Sabrina sits back down and shuts up again. :)
Lukthil says, "That would be easy to do. Although this isn't really the
place to be discussing this. :)"
Lukthil says, "Bel, you had a question?"
Sabrina grins and nods, and is why she sat back down. ;)
Belegril says, "Several."
Lukthil says, "Fire away."
Paleran will BRB>
Belegril says, "First, why we understand about quequeing vs. immediate
execution, wouldn't a function call be still faster than a @-command?"

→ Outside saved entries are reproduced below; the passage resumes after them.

lemma taylor_lower_bound_second_order:
  fixes f f' f'' :: "real \<Rightarrow> real"
  assumes "a \<le> x"
    and cont: "continuous_on {a..x} f" "continuous_on {a..x} f'"
    and deriv: "\<And>t. a < t \<Longrightarrow> t < x \<Longrightarrow> (f has_real_derivative f' t) (at t)"
      "\<And>t. a < t \<Longrightarrow> t < x \<Longrightarrow> (f' has_real_derivative f'' t) (at t)"
    and convex: "\<And>t. a < t \<Longrightarrow> t < x \<Longrightarrow> f'' t \<ge> c"
  shows "f x \<ge> f a + f' a * (x - a) + c / 2 * (x - a)\<^sup>2"
proof -
  have f'_ge: "f' t \<ge> f' a + c * (t - a)" if "a \<le> t" "t \<le> x" for t
  proof -
    have "f' a - c * a \<le> f' t - c * t"
    proof (rule DERIV_nonneg_imp_increasing_open[of a t "\<lambda>t. f' t - c * t", simplified])
      fix s assume "a < s" "s < t"
      thus "\<exists>y. ((\<lambda>t. f' t - c * t) has_real_derivative y) (at s) \<and> 0 \<le> y"
        using deriv(2)[of s] convex[of s] that by (auto intro!: derivative_eq_intros)
    qed (use that cont in \<open>auto intro!: continuous_intros elim: continuous_on_subset\<close>)
    thus ?thesis by (simp add: algebra_simps)
  qed
  define g where "g t = f t - f' a * (t - a) - c / 2 * (t - a)\<^sup>2" for t
  have "g a \<le> g x"
  proof (rule DERIV_nonneg_imp_increasing_open[OF \<open>a \<le> x\<close>])
    fix s assume "a < s" "s < x"
    hence "(g has_real_derivative f' s - f' a - c * (s - a)) (at s)"
      unfolding g_def using deriv(1)[of s] by (auto intro!: derivative_eq_intros)
    thus "\<exists>y. (g has_real_derivative y) (at s) \<and> 0 \<le> y"
      using f'_ge[of s] \<open>a < s\<close> \<open>s < x\<close> by force
  qed (use cont in \<open>auto simp: g_def intro!: continuous_intros\<close>)
  thus ?thesis by (simp add: g_def)
qed

lemma not_asymptotically_linear_if_uniformly_convex:
  fixes f f' f'' :: "real \<Rightarrow> real"
  assumes lim: "((\<lambda>x. f x - \<sigma> * x) \<longlongrightarrow> 0) at_top" and "c > 0"
    and cont: "continuous_on {a..} f" "continuous_on {a..} f'"
    and deriv: "\<And>t. a < t \<Longrightarrow> (f has_real_derivative f' t) (at t)"
      "\<And>t. a < t \<Longrightarrow> (f' has_real_derivative f'' t) (at t)"
    and convex: "\<And>t. a < t \<Longrightarrow> f'' t \<ge> c"
  shows False
proof -
  have "eventually (\<lambda>x. f a + f' a * (x - a) + c / 2 * (x - a)\<^sup>2 - \<sigma> * x \<le> f x - \<sigma> * x) at_top"
    using eventually_ge_at_top[of a]
  proof eventually_elim
    case (elim x)
    have "continuous_on {a..x} f" "continuous_on {a..x} f'"
      using cont by (auto elim: continuous_on_subset)
    thus ?case using taylor_lower_bound_second_order[OF elim, of f f' f'' c] deriv convex
      by simp
  qed
  moreover have "filterlim (\<lambda>x. f a + f' a * (x - a) + c / 2 * (x - a)\<^sup>2 - \<sigma> * x) at_top at_top"
    using \<open>c > 0\<close> by real_asymp
  ultimately have "filterlim (\<lambda>x. f x - \<sigma> * x) at_top at_top"
    by (rule filterlim_at_top_mono[rotated])
  thus False
    using not_tendsto_and_filterlim_at_infinity[OF _ lim] filterlim_at_top_imp_at_infinity by auto
qed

Belegril says, "Er, why=while"
Lukthil says, "Yes it would. As I mentioned, the net gain across the entire
mush is that a function will execute faster than a @-command. If
that's the only issue to be examined, then your choice should be
to use a function."
Lukthil says, "More specifically, although the actual work of the @command
is the same as the actual work of the function, the overhead of
parsing the function is less."
Belegril says, "Second, how laggy is the dawn/dusk triggering? Does it just
involve adding the object's dbref to some list or it involves some
more complicated routine, too?"
Lukthil says, "The dawn/dusk triggering isn't anything hardcode related. It
is controlled exclusively by softcode. We have a system clock which
simply @waits in the queue (that's the wait you always see in there)
and when it hits a certain time, it @dolist-@triggers a list of
dbrefs. Naturally this is a laggy thing so we try to keep the list
small. However it is intentionally done this way so that other
things can execute faster while this one runs more in the background."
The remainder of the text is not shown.